By Nikki Jamieson
Sunny South News
Public engagement for potential pool options will begin this month in Coaldale.
During their regular Sept. 23 meeting, Coaldale town council reviewed the public participation plan for the community pool.
A critical equipment failure to the pool’s filtration system on July 13 had closed the pool for the remainder of the summer, and has left the town without a useable community pool. At council’s Sept. 9 meeting, administration had presented a series of options — ranging from not having a pool, repairing it or building a new outdoor or indoor pool facility — that they would put to the community for input. Council had directed direct administration to move forward with public engagement and get feedback from citizens on what direction they would like to go before council makes their final decision on the pool.
“Essentially, the idea would be to focus on the ‘Involve’ level of discussion with the community, in a way that makes use of what is probably deliberative forum, which is focussed on building knowledge for all participants around the financial and other realities of all the options available for how to deal with those situations, and having in-depth predictive discussions with all stake-holders involved,” said Spencer Croil, director of planning and community development for the town.
Public engagement will take place starting in October and go through to November, although Croil acknowledged that they were running “a little bit behind” in terms of advertising for it.
“In the first two weeks of October, you should start to have engagement activities focused on the pool discussion,” said Croil. “There is a fair amount of work that goes into building educational items for a participation plan like that, and we want to make sure we get that right before we start having detailed discussions with the community.”
Coun. Doreen Lloyd requested clarification on the timeline in the plan, asking if it meant that they would have a decision deadline on the pool at the end of November. Croil replied that the idea would be that the next step would be clearly identified by the end of November.

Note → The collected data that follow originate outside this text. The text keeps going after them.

definition lower_set :: "'a::order \<Rightarrow> 'a set" where
  "lower_set p = {q \<in> join_irreducibles. q \<le> p}"

definition poset_ideal :: "'a::order set \<Rightarrow> bool" where
  "poset_ideal I \<longleftrightarrow> (\<forall>a \<in> I. \<forall>b. b < a \<longrightarrow> b \<in> I)"

definition poset_coideal :: "'a::order set \<Rightarrow> bool" where
  "poset_coideal J \<longleftrightarrow> (\<forall>a \<in> J. \<forall>b. b > a \<longrightarrow> b \<in> J)"

text \<open>Polynomials over K in variables indexed by 'a \<times> bool:
  (p, True) is x_p and (p, False) is y_p.\<close>

type_synonym ('a, 'k) mpoly = "(('a \<times> bool) \<Rightarrow>\<^sub>0 nat) \<Rightarrow>\<^sub>0 'k"

definition var :: "'a \<times> bool \<Rightarrow> ('a, 'k::comm_ring_1) mpoly" where
  "var v = Poly_Mapping.single (Poly_Mapping.single v 1) 1"

definition ring_S :: "('a::order, 'k::comm_ring_1) mpoly set" where
  "ring_S = {f. \<forall>m \<in> Poly_Mapping.keys f. \<forall>v \<in> Poly_Mapping.keys m. fst v \<in> join_irreducibles}"

definition u_mon :: "'a::order \<Rightarrow> ('a, 'k::comm_ring_1) mpoly" where
  "u_mon q = (\<Prod>p\<in>lower_set q. var (p, True)) *
             (\<Prod>p\<in>join_irreducibles - lower_set q. var (p, False))"

definition gen_ideal :: "'r::comm_ring_1 set \<Rightarrow> 'r set \<Rightarrow> 'r set" where
  "gen_ideal R G = {(\<Sum>g\<in>G. c g * g) | c. \<forall>g\<in>G. c g \<in> R}"

definition H_ideal :: "'a::order set \<Rightarrow> ('a, 'k::comm_ring_1) mpoly set" where
  "H_ideal A = gen_ideal ring_S (u_mon ` A)"

end

theory Submission
  imports Defs
begin

(* H_A is the monomial ideal generated by the u_a, so a polynomial of S lies in H_A iff each
   of its monomials is divisible by some u_a.  The exponent of u_c records, for every
   join-irreducible p, whether p <= c; since join-irreducibles of a distributive lattice are
   join-prime, u_c divides u_a u_b (equivalently lcm(u_a, u_b)) iff inf a b <= c <= sup a b.
   Hence H_I \<inter> H_J = H_(I \<inter> J) iff every interval [inf a b, sup a b] with a \<in> I, b \<in> J meets
   I \<inter> J.  A cover q < p with q \<in> I - J and p \<in> J - I gives the interval {q, p}, which misses
   I \<inter> J; conversely, without such covers a maximal element of I in the interval lies in J. *)

section \<open>Join-irreducible elements of a finite lattice\<close>

lemma ex_lower_neighbor_le:
  fixes x y :: "'a::{finite,order}"
  assumes "x < y"
  obtains w where "lower_neighbor x w" "w \<le> y"
proof -
  have "\<exists>m\<in>{w. x < w \<and> w \<le> y}. \<forall>b\<in>{w. x < w \<and> w \<le> y}. b \<le> m \<longrightarrow> m = b"
    using assms by (intro finite_has_minimal) auto
  then obtain m where m: "x < m" "m \<le> y" and min: "\<And>b. x < b \<Longrightarrow> b \<le> m \<Longrightarrow> b = m"
    by fastforce
  have "lower_neighbor x m"
    unfolding lower_neighbor_def using m min by (metis less_le)
  then show thesis using m(2) by (rule that)
qed

lemma ex_lower_neighbor_ge:
  fixes x y :: "'a::{finite,order}"
  assumes "x < y"
  obtains w where "lower_neighbor w y" "x \<le> w"
proof -
  have "\<exists>m\<in>{w. x \<le> w \<and> w < y}. \<forall>b\<in>{w. x \<le> w \<and> w < y}. m \<le> b \<longrightarrow> m = b"
    using assms by (intro finite_has_maximal) auto
  then obtain m where m: "x \<le> m" "m < y" and max: "\<And>b. m \<le> b \<Longrightarrow> b < y \<Longrightarrow> b = m"
    by fastforce
  have "lower_neighbor m y"
    unfolding lower_neighbor_def using m max by (metis less_le)
  then show thesis using m(1) by (rule that)
qed

lemma join_irreducibles_iff:
  fixes p :: "'a::{finite,order}"
  shows "p \<in> join_irreducibles \<longleftrightarrow> (\<exists>w<p. \<forall>x<p. x \<le> w)"
proof
  assume "p \<in> join_irreducibles"
  then have "card {q. lower_neighbor q p} = 1" unfolding join_irreducibles_def by simp
  then obtain w where w: "{q. lower_neighbor q p} = {w}" by (rule card_1_singletonE)
  have "x \<le> w" if "x < p" for x
  proof -
    obtain v where "lower_neighbor v p" "x \<le> v" using \<open>x < p\<close> by (rule ex_lower_neighbor_ge)
    then have "v \<in> {q. lower_neighbor q p}" by simp
    with w \<open>x \<le> v\<close> show ?thesis by simp
  qed
  moreover have "w < p" using w unfolding lower_neighbor_def by blast
  ultimately show "\<exists>w<p. \<forall>x<p. x \<le> w" by blast
next
  assume "\<exists>w<p. \<forall>x<p. x \<le> w"
  then obtain w where "w < p" and below: "\<And>x. x < p \<Longrightarrow> x \<le> w" by blast
  then have "lower_neighbor q p \<longleftrightarrow> q = w" for q
    unfolding lower_neighbor_def by (metis leD order.order_iff_strict)
  then show "p \<in> join_irreducibles" unfolding join_irreducibles_def by simp
qed

(* A minimal z <= x with z not below y is join-irreducible: inf z y is its only lower cover. *)
lemma le_if_join_irreducibles_le:
  fixes x y :: "'a::{finite,lattice}"
  assumes "\<And>r. r \<in> join_irreducibles \<Longrightarrow> r \<le> x \<Longrightarrow> r \<le> y"
  shows "x \<le> y"
proof (rule ccontr)
  assume "\<not> x \<le> y"
  then have "\<exists>z\<in>{z. z \<le> x \<and> \<not> z \<le> y}. \<forall>w\<in>{z. z \<le> x \<and> \<not> z \<le> y}. w \<le> z \<longrightarrow> z = w"
    by (intro finite_has_minimal) auto
  then obtain z where z: "z \<le> x" "\<not> z \<le> y"
    and min: "\<And>w. w \<le> x \<Longrightarrow> \<not> w \<le> y \<Longrightarrow> w \<le> z \<Longrightarrow> w = z"
    by fastforce
  have "inf z y < z" using z(2) by (simp add: less_le_not_le)
  moreover have "w \<le> inf z y" if "w < z" for w
    using that z(1) min by (metis inf.bounded_iff less_imp_le order.trans order_less_irrefl)
  ultimately have "z \<in> join_irreducibles"
    unfolding join_irreducibles_iff by blast
  with assms z show False by blast
qed

lemma join_irreducible_le_supD:
  fixes p a b :: "'a::{finite,distrib_lattice}"
  assumes "p \<in> join_irreducibles" and "p \<le> sup a b"
  shows "p \<le> a \<or> p \<le> b"
proof (rule ccontr)
  assume "\<not> (p \<le> a \<or> p \<le> b)"
  then have "inf p a < p" "inf p b < p" by (simp_all add: less_le_not_le)
  obtain w where "w < p" and below: "\<And>x. x < p \<Longrightarrow> x \<le> w"
    using assms(1) unfolding join_irreducibles_iff by blast
  have "p = sup (inf p a) (inf p b)"
    using assms(2) by (simp add: inf.absorb1 flip: inf_sup_distrib1)
  also have "\<dots> \<le> w" using below \<open>inf p a < p\<close> \<open>inf p b < p\<close> by simp
  finally show False using \<open>w < p\<close> by simp
qed

lemma poset_ideal_le:
  "poset_ideal I \<Longrightarrow> a \<in> I \<Longrightarrow> b \<le> a \<Longrightarrow> b \<in> I"
  unfolding poset_ideal_def by (metis order.order_iff_strict)

lemma poset_coideal_ge:
  "poset_coideal J \<Longrightarrow> a \<in> J \<Longrightarrow> a \<le> b \<Longrightarrow> b \<in> J"
  unfolding poset_coideal_def by (metis order.order_iff_strict)

lemma ex_between_in_ideal_coideal:
  fixes I J :: "'a::{finite,lattice} set"
  assumes "poset_ideal I" and "poset_coideal J"
    and cover: "\<And>p q. lower_neighbor q p \<Longrightarrow> p \<in> I \<or> q \<in> J"
    and "a \<in> I" and "b \<in> J"
  obtains c where "c \<in> I \<inter> J" "inf a b \<le> c" "c \<le> sup a b"
proof -
  let ?S = "{c \<in> I. inf a b \<le> c \<and> c \<le> sup a b}"
  have "inf a b \<in> ?S"
    using poset_ideal_le[OF assms(1,4)] by (simp add: le_supI1)
  then have "\<exists>c\<in>?S. \<forall>x\<in>?S. c \<le> x \<longrightarrow> c = x"
    by (intro finite_has_maximal) auto
  then obtain c where "c \<in> I" "inf a b \<le> c" "c \<le> sup a b"
    and max: "\<And>x. x \<in> ?S \<Longrightarrow> c \<le> x \<Longrightarrow> c = x"
    by blast
  have "c \<in> J"
  proof (rule ccontr)
    assume "c \<notin> J"
    moreover have "sup a b \<in> J" using poset_coideal_ge[OF assms(2,5)] by simp
    ultimately have "c < sup a b" using \<open>c \<le> sup a b\<close> by (metis order.not_eq_order_implies_strict)
    then obtain w where w: "lower_neighbor c w" "w \<le> sup a b" by (rule ex_lower_neighbor_le)
    have "c < w" using w(1) unfolding lower_neighbor_def by simp
    have "w \<in> I" using cover[OF w(1)] \<open>c \<notin> J\<close> by simp
    then have "w \<in> ?S" using \<open>inf a b \<le> c\<close> \<open>c < w\<close> w(2) by simp
    with max \<open>c < w\<close> show False by fastforce
  qed
  then show thesis using \<open>c \<in> I\<close> \<open>inf a b \<le> c\<close> \<open>c \<le> sup a b\<close> by (intro that) simp_all
qed

section \<open>Ideals generated by monomials\<close>

lemma sum_closed:
  assumes "0 \<in> R" and "\<And>a b. a \<in> R \<Longrightarrow> b \<in> R \<Longrightarrow> a + b \<in> R"
    and "\<And>x. x \<in> A \<Longrightarrow> f x \<in> R"
  shows "sum f A \<in> R"
  using assms(3) by (induction A rule: infinite_finite_induct) (simp_all add: assms(1,2))

lemma zero_mem_gen_ideal: "0 \<in> R \<Longrightarrow> 0 \<in> gen_ideal R G"
  unfolding gen_ideal_def by (auto intro!: exI[of _ "\<lambda>_. 0"])
text \<open>Matrix coefficients of the natural action of g in GL(V) on (V (x) V) (+) (V* (x) V*):
  g acts on V by g and on V* by the contragredient transpose (g^-1).\<close>
definition rhoW :: "complex^'n^'n \<Rightarrow> 'n widx \<Rightarrow> 'n widx \<Rightarrow> complex" where
  "rhoW g b c = (case (b, c) of
      (Inl (i, j), Inl (k, l)) \<Rightarrow> g $ i $ k * g $ j $ l
    | (Inr (i, j), Inr (k, l)) \<Rightarrow>
        transpose (matrix_inv g) $ i $ k * transpose (matrix_inv g) $ j $ l
    | _ \<Rightarrow> 0)"

fun flipW :: "'n widx \<Rightarrow> 'n widx" where
  "flipW (Inl (i, j)) = Inl (j, i)"
| "flipW (Inr (i, j)) = Inr (j, i)"

fun flipsign :: "'n widx \<Rightarrow> complex" where
  "flipsign (Inl _) = -1"
| "flipsign (Inr _) = 1"

text \<open>
  An element of the exterior algebra Lambda(W), realised (char 0) as the space of alternating
  tensors in the tensor algebra  (+)_k W^(x)k.  It is given by its coordinate function
  x :: 'n widx list => complex; the degree-k component is x restricted to lists of length k.
  Conditions: each slot lies in W (antisymmetric on Lambda_2(V)-slots, symmetric on
  S_2(V*)-slots), and x is alternating in the slots.
\<close>
definition ext_alg_elem :: "('n widx list \<Rightarrow> complex) \<Rightarrow> bool" where
  "ext_alg_elem x \<longleftrightarrow>
     (\<forall>xs b ys. x (xs @ [flipW b] @ ys) = flipsign b * x (xs @ [b] @ ys)) \<and>
     (\<forall>xs b c ys. x (xs @ [b, c] @ ys) = - x (xs @ [c, b] @ ys))"

definition ext_act :: "complex^'n^'n \<Rightarrow> ('n widx list \<Rightarrow> complex) \<Rightarrow> ('n widx list \<Rightarrow> complex)" where
  "ext_act g x = (\<lambda>bs. \<Sum>cs \<in> {cs. length cs = length bs}.
      (\<Prod>m<length bs. rhoW g (bs ! m) (cs ! m)) * x cs)"

definition ext_one :: "'n widx list \<Rightarrow> complex" where
  "ext_one = (\<lambda>bs. if bs = [] then 1 else 0)"

end

theory Submission
  imports Defs
begin

(* An invariant x is annihilated by gl(V): differentiating its invariance under the curve
   t \<mapsto> 1 + t E_ab at t = 0 shows that E_ab acting on the \<Lambda>_2(V)-slots of x cancels
   E_ab acting on the S_2(V\<^sup>\<star>)-slots. Setting a = b and summing over a compares Euler operators: a
   nonzero coordinate x bs with p \<Lambda>_2(V)-slots and q S_2(V\<^sup>\<star>)-slots has p = q. Operators on
   slots of different kinds commute, so the Casimir operators \<Sum> E_ab E_ba of the two kinds agree
   on x as well, and by alternation they act on x bs as the scalars 2p(n - 1) and 2q(n + 1).
   Hence p(n - 1) = p(n + 1), so p = q = 0 and x is concentrated in degree 0. *)

lemma matrix_inv_unique:
  fixes A B :: "'a::semiring_1^'n^'n"
  assumes "A ** B = mat 1" "B ** A = mat 1"
  shows "matrix_inv A = B"
proof -
  have inv: "A ** matrix_inv A = mat 1 \<and> matrix_inv A ** A = mat 1"
    unfolding matrix_inv_def by (rule someI_ex) (use assms in blast)
  have "matrix_inv A = matrix_inv A ** (A ** B)" using assms(1) by (simp add: matrix_mul_rid)
  also have "\<dots> = (matrix_inv A ** A) ** B" by (simp add: matrix_mul_assoc)
  finally show ?thesis using inv by (simp add: matrix_mul_lid)
qed
(* For any $(a,b,c,\lambda),(\bar a,\bar b,\bar c,\bar\lambda)\in(\mathbb F^\times)^4$ the following are equivalent: (i) $(a,b,c,\lambda)\approx(\bar a,\bar b,\bar c,\bar\lambda)$; (ii) there is a $\triangle_q$-module homomorphism $M_\lambda(a,b,c)\to M_{\bar\lambda}(\bar a,\bar b,\bar c)$ sending $m_0$ to $\bar m_0$; (iii) there is a $\triangle_q$-module homomorphism $M_{\bar\lambda}(\bar a,\bar b,\bar c)\to M_\lambda(a,b,c)$ sending $\bar m_0$ to $m_0$; (iv) there is a $\triangle_q$-module isomorphism $M_\lambda(a,b,c)\to M_{\bar\lambda}(\bar a,\bar b,\bar c)$ sending $m_0$ to $\bar m_0$; (v) there is a $\triangle_q$-module isomorphism $M_{\bar\lambda}(\bar a,\bar b,\bar c)\to M_\lambda(a,b,c)$ sending $\bar m_0$ to $m_0$.
   Context: $\mathbb F$ is an algebraically closed field and $q\in\mathbb F^\times$ a root of unity of order $d\notin\{1,2,4\}$. $\sqrt{x}$ denotes a fixed square root. $\triangle_q$ is the unital associative $\mathbb F$-algebra with generators $A,B,C$ subject to: each of $A+\frac{qBC-q^{-1}CB}{q^2-q^{-2}}$, $B+\frac{qCA-q^{-1}AC}{q^2-q^{-2}}$, $C+\frac{qAB-q^{-1}BA}{q^2-q^{-2}}$ is central; $\alpha,\beta,\gamma$ are these times $q+q^{-1}$. For $(a,b,c,\lambda)\in(\mathbb F^\times)^4$, $i\in\mathbb N$: $\theta_i=a\lambda^{-1}q^{2i}+a^{-1}\lambda q^{-2i}$, $\theta_i^*=b\lambda^{-1}q^{2i}+b^{-1}\lambda q^{-2i}$, $\varphi_i=a^{-1}b^{-1}\lambda q(q^i-q^{-i})(\lambda^{-1}q^{i-1}-\lambda q^{1-i})(q^{-i}-abc\lambda^{-1}q^{i-1})(q^{-i}-abc^{-1}\lambda^{-1}q^{i-1})$. $M_\lambda(a,b,c)$ is the $\triangle_q$-module with basis $\{m_i\}_{i\in\mathbb N}$, $(A-\theta_i)m_i=m_{i+1}$, $(B-\theta_i^* )m_i=\varphi_im_{i-1}$, with $\alpha,\beta,\gamma$ acting as $(b+b^{-1})(c+c^{-1})+(a+a^{-1})(\lambda q+\lambda^{-1}q^{-1})$, $(c+c^{-1})(a+a^{-1})+(b+b^{-1})(\lambda q+\lambda^{-1}q^{-1})$, $(a+a^{-1})(b+b^{-1})+(c+c^{-1})(\lambda q+\lambda^{-1}q^{-1})$; $\{\bar m_i\}$ denotes the corresponding basis of $M_{\bar\lambda}(\bar a,\bar b,\bar c)$. $\{\pm1\}$ acts on $(\mathbb F^\times)^4$ by $(-1)\cdot(a,b,c,\lambda)=(-a,-b,-c,-\lambda)$; with $[\cdot]$ the $\{\pm1\}$-orbit, $\mathfrak S_4$ acts on the right by $[a,b,c,\lambda](1\,2)=[a,b,c^{-1},\lambda]$, $[a,b,c,\lambda](3\,4)=[a^{-1},b,c,\lambda]$, $[a,b,c,\lambda](2\,3)=[a/s,b/s,c/s,\lambda/s]$, $s=\sqrt{abc\lambda q}$; $\approx$ means the $\{\pm1\}$-orbits lie in the same $\mathfrak S_4$-orbit. *)

theory Defs
  imports "HOL-Computational_Algebra.Polynomial"
begin

definition alg_closed_field :: "'a::field itself \<Rightarrow> bool" where
  "alg_closed_field _ \<longleftrightarrow> (\<forall>p :: 'a poly. degree p \<ge> 1 \<longrightarrow> (\<exists>x. poly p x = 0))"

type_synonym 'a quad = "'a \<times> 'a \<times> 'a \<times> 'a"

definition theta :: "'a::field \<Rightarrow> 'a quad \<Rightarrow> nat \<Rightarrow> 'a" where
  "theta q x i = (case x of (a,b,c,l) \<Rightarrow>
     a * inverse l * q powi (2 * int i) + inverse a * l * q powi (- 2 * int i))"

definition thetas :: "'a::field \<Rightarrow> 'a quad \<Rightarrow> nat \<Rightarrow> 'a" where
  "thetas q x i = (case x of (a,b,c,l) \<Rightarrow>
     b * inverse l * q powi (2 * int i) + inverse b * l * q powi (- 2 * int i))"

definition phi :: "'a::field \<Rightarrow> 'a quad \<Rightarrow> nat \<Rightarrow> 'a" where
  "phi q x i = (case x of (a,b,c,l) \<Rightarrow>
     inverse a * inverse b * l * q
     * (q powi int i - q powi (- int i))
     * (inverse l * q powi (int i - 1) - l * q powi (1 - int i))
     * (q powi (- int i) - a * b * c * inverse l * q powi (int i - 1))
     * (q powi (- int i) - a * b * inverse c * inverse l * q powi (int i - 1)))"

definition gammaM :: "'a::field \<Rightarrow> 'a quad \<Rightarrow> 'a" where
  "gammaM q x = (case x of (a,b,c,l) \<Rightarrow>
     (a + inverse a) * (b + inverse b) + (c + inverse c) * (l * q + inverse l * inverse q))"

text \<open>The module M_lambda(a,b,c): elements are finitely supported coefficient
  sequences v (v = sum_i v i * m_i).\<close>
definition fin_vec :: "(nat \<Rightarrow> 'a::zero) set" where
  "fin_vec = {v. finite {i. v i \<noteq> 0}}"

definition basis_vec :: "nat \<Rightarrow> nat \<Rightarrow> 'a::{zero,one}" where
  "basis_vec i = (\<lambda>j. if j = i then 1 else 0)"

definition actA :: "'a::field \<Rightarrow> 'a quad \<Rightarrow> (nat \<Rightarrow> 'a) \<Rightarrow> nat \<Rightarrow> 'a" where
  "actA q x v = (\<lambda>j. theta q x j * v j + (if j = 0 then 0 else v (j - 1)))"

definition actB :: "'a::field \<Rightarrow> 'a quad \<Rightarrow> (nat \<Rightarrow> 'a) \<Rightarrow> nat \<Rightarrow> 'a" where
  "actB q x v = (\<lambda>j. thetas q x j * v j + phi q x (Suc j) * v (Suc j))"

text \<open>C acts as forced by gamma = (q+q^-1)(C + (qAB - q^-1 BA)/(q^2-q^-2)) being the scalar gammaM.\<close>
definition actC :: "'a::field \<Rightarrow> 'a quad \<Rightarrow> (nat \<Rightarrow> 'a) \<Rightarrow> nat \<Rightarrow> 'a" where
  "actC q x v = (\<lambda>j. gammaM q x / (q + inverse q) * v j
      - (q * actA q x (actB q x v) j - inverse q * actB q x (actA q x v) j)
        / (q ^ 2 - inverse q ^ 2))"

definition is_hom :: "'a::field \<Rightarrow> 'a quad \<Rightarrow> 'a quad \<Rightarrow> ((nat \<Rightarrow> 'a) \<Rightarrow> nat \<Rightarrow> 'a) \<Rightarrow> bool" where
  "is_hom q x y f \<longleftrightarrow>
     (\<forall>v\<in>fin_vec. f v \<in> fin_vec) \<and>
     (\<forall>u\<in>fin_vec. \<forall>v\<in>fin_vec. f (\<lambda>j. u j + v j) = (\<lambda>j. f u j + f v j)) \<and>
     (\<forall>k. \<forall>v\<in>fin_vec. f (\<lambda>j. k * v j) = (\<lambda>j. k * f v j)) \<and>
     (\<forall>v\<in>fin_vec. f (actA q x v) = actA q y (f v)) \<and>
     (\<forall>v\<in>fin_vec. f (actB q x v) = actB q y (f v)) \<and>
     (\<forall>v\<in>fin_vec. f (actC q x v) = actC q y (f v))"
lemma multilinear_ext_defect_le_D_f:
  assumes "finite \<Omega>" "\<Omega> \<noteq> {}" "in_cube \<Omega> p" "in_cube \<Omega> q" "0 \<le> lam" "lam \<le> 1"
    and "\<And>i j. i \<in> \<Omega> \<Longrightarrow> j \<in> \<Omega> \<Longrightarrow> 0 \<le> (p i - q i) * (p j - q j)"
  shows "multilinear_ext_defect \<Omega> f lam p q \<le> real (card \<Omega>) * (real (card \<Omega>) - 1) / 8 * D_f \<Omega> f"
proof -
  let ?b = "D_f \<Omega> f * (real (card \<Omega>) * (real (card \<Omega>) - 1) / 2)"
  have "0 \<le> ?b"
    using D_f_nonneg[OF assms(1,2)] assms(1,2) by (simp add: Suc_leI card_gt_0_iff)
  moreover have "lam * (1 - lam) \<le> 1 / 4"
    using zero_le_power2[of "lam - 1/2"] by (simp add: power2_eq_square algebra_simps)
  ultimately have "lam * (1 - lam) * ?b \<le> 1 / 4 * ?b"
    by (rule mult_right_mono[rotated])
  have "multilinear_ext_defect \<Omega> f lam p q \<le> lam * (1 - lam) * ?b"
    using multilinear_ext_defect_le[OF assms(1,3-6) D_f_nonneg[OF assms(1,2)] assms(7)]
      second_diff_le_D_f[OF assms(1)] by (simp add: mult.assoc)
  also have "\<dots> \<le> 1 / 4 * ?b" by fact
  also have "\<dots> = real (card \<Omega>) * (real (card \<Omega>) - 1) / 8 * D_f \<Omega> f" by simp
  finally show ?thesis .
qed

“Whether that be for staff to look into one particular option in more detail, or continue exploring one or two options that are the preferences of the community, we would have clarity of what the next steps would be for staff at that time, not a exact answer on what the outcome would be.”
Coun. Bill Chapman asked if they would include the real costs involved with each potential pool option in their presentations.
“That would be the core focus of the educational material that we’re trying to build. A pool — whether it’s indoor or outdoor, large or small —isn’t a new concept. So what we’re doing is reaching out to a lot of the other communities of our size that have built or have considered building various types of pools in the past five years or so, to build the financial knowledge of what each of those options represent. That would be a core focus of the discussion,” said Croil.
“The idea would be we would have a good idea of what each option costs in a general sense, compared to other communities who have already done builds on these options, before we actually have detailed discussions with community members.”
Croil also confirmed that they would also give residents an idea on how each option would affect their taxes, along with potential finding models.
Costs associated with the operational aspect of each pool option would be included in the “broader discussion”.
Council unanimously passed a motion to approve the submitted public participation plan for the pool.